12.No dia 28 de Março de 2011 o arguido, por si, ou através de terceiro com o seu conhecimento, apresentou na escola comunicação de ausência referente a esse dia, acompanhada de declaração justificativa da falta, emitida por C., Clínica sediada na Amadora, na qual se atestava que o arguido tinha comparecido, nesse dia, para consulta e exames complementares de diagnóstico das 10:00 às 15:30 desse dia.

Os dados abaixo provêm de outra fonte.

(* Let $m=2k+1$ with $k$ a nonnegative integer and let $n\ge m-1$ be an integer. Let $M(u)=M(u^2+u^{2m})$, $u\in(0,+\infty)$, where $M(h)$ is the first order Melnikov function of $(1.1)_\epsilon$. Put $z=[n/2]m-\frac{m^2-5m+4}{2}$ and $q=[n/2]m-\frac{m^2-5m}{2}$. Then $M(u)$ is a linear combination of the following $\left[\frac{n-1}{2}\right]+\left[\frac n2\right]m-\frac14m^2+\frac32m+\frac34$ linearly independent functions: $$u^{2p+1}\ (0\le p\le z);\qquad u^{2q+2s+k(m-1)+1}\ (0\le s\le \tfrac{m-5}{2},\ 0\le k\le 2s+1);\qquad (u^2+u^{2m})^{l+1}\ (0\le l\le[(n-1)/2]),$$ (i.e. $u,u^3,\dots,u^{2z+1},u^{2q+1},u^{2q+m},u^{2q+3},u^{2q+m+2},u^{2q+2m+1},\dots,u^{2q+m^2-4m},u^2+u^{2m},\dots,(u^2+u^{2m})^{[(n-1)/2]+1}$), and the coefficients of this linear combination are independent, i.e. as the coefficients of $p^\pm,q^\pm$ range over all real values these coefficients take all real values.
   Context: $[x]$ is the integer part. System $(1.1)_\epsilon$: $\dot x=y+\epsilon p^{+},\ \dot y=-x+\epsilon q^{+}$ for $y\ge x^{m}$, and $\dot x=y+\epsilon p^{-},\ \dot y=-x+\epsilon q^{-}$ for $y<x^{m}$, where $p^{\pm}=\sum_{i+j=0}^{n}a^{\pm}_{i,j}x^iy^j$, $q^{\pm}=\sum_{i+j=0}^{n}b^{\pm}_{i,j}x^iy^j$ are arbitrary real polynomials of degree $n$. For $h>0$, $u=u(h)>0$ solves $u^2+u^{2m}=h$; $L_h^{+}$ is the arc of $x^2+y^2=h$ in $\{y\ge x^m\}$ traversed clockwise from $(-u,(-u)^m)$ to $(u,u^m)$, and $L_h^-$ the arc in $\{y\le x^m\}$ traversed clockwise from $(u,u^m)$ to $(-u,(-u)^m)$. The first order Melnikov function is $M(h)=\int_{L_h^+}q^+dx-p^+dy+\int_{L_h^-}q^-dx-p^-dy$. *)

theory Defs
  imports "HOL-Analysis.Analysis"
begin

definition poly2 :: "nat \<Rightarrow> (nat \<Rightarrow> nat \<Rightarrow> real) \<Rightarrow> real \<times> real \<Rightarrow> real" where
  "poly2 n a = (\<lambda>(x, y). \<Sum>i\<le>n. \<Sum>j\<le>n - i. a i j * x ^ i * y ^ j)"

13.No dia 13 de Maio de 2011 o arguido, por si, ou através de terceiro com o seu conhecimento, apresentou na escola comunicação de ausência, referente a esse dia, acompanhada de declaração justificativa da falta, emitida por C., Clínica sediada na Amadora, na qual se atestava que o arguido tinha comparecido, nesse dia, para consulta e exames complementares de diagnóstico das 09hl0 às 14h25 de dia 13-05-2011.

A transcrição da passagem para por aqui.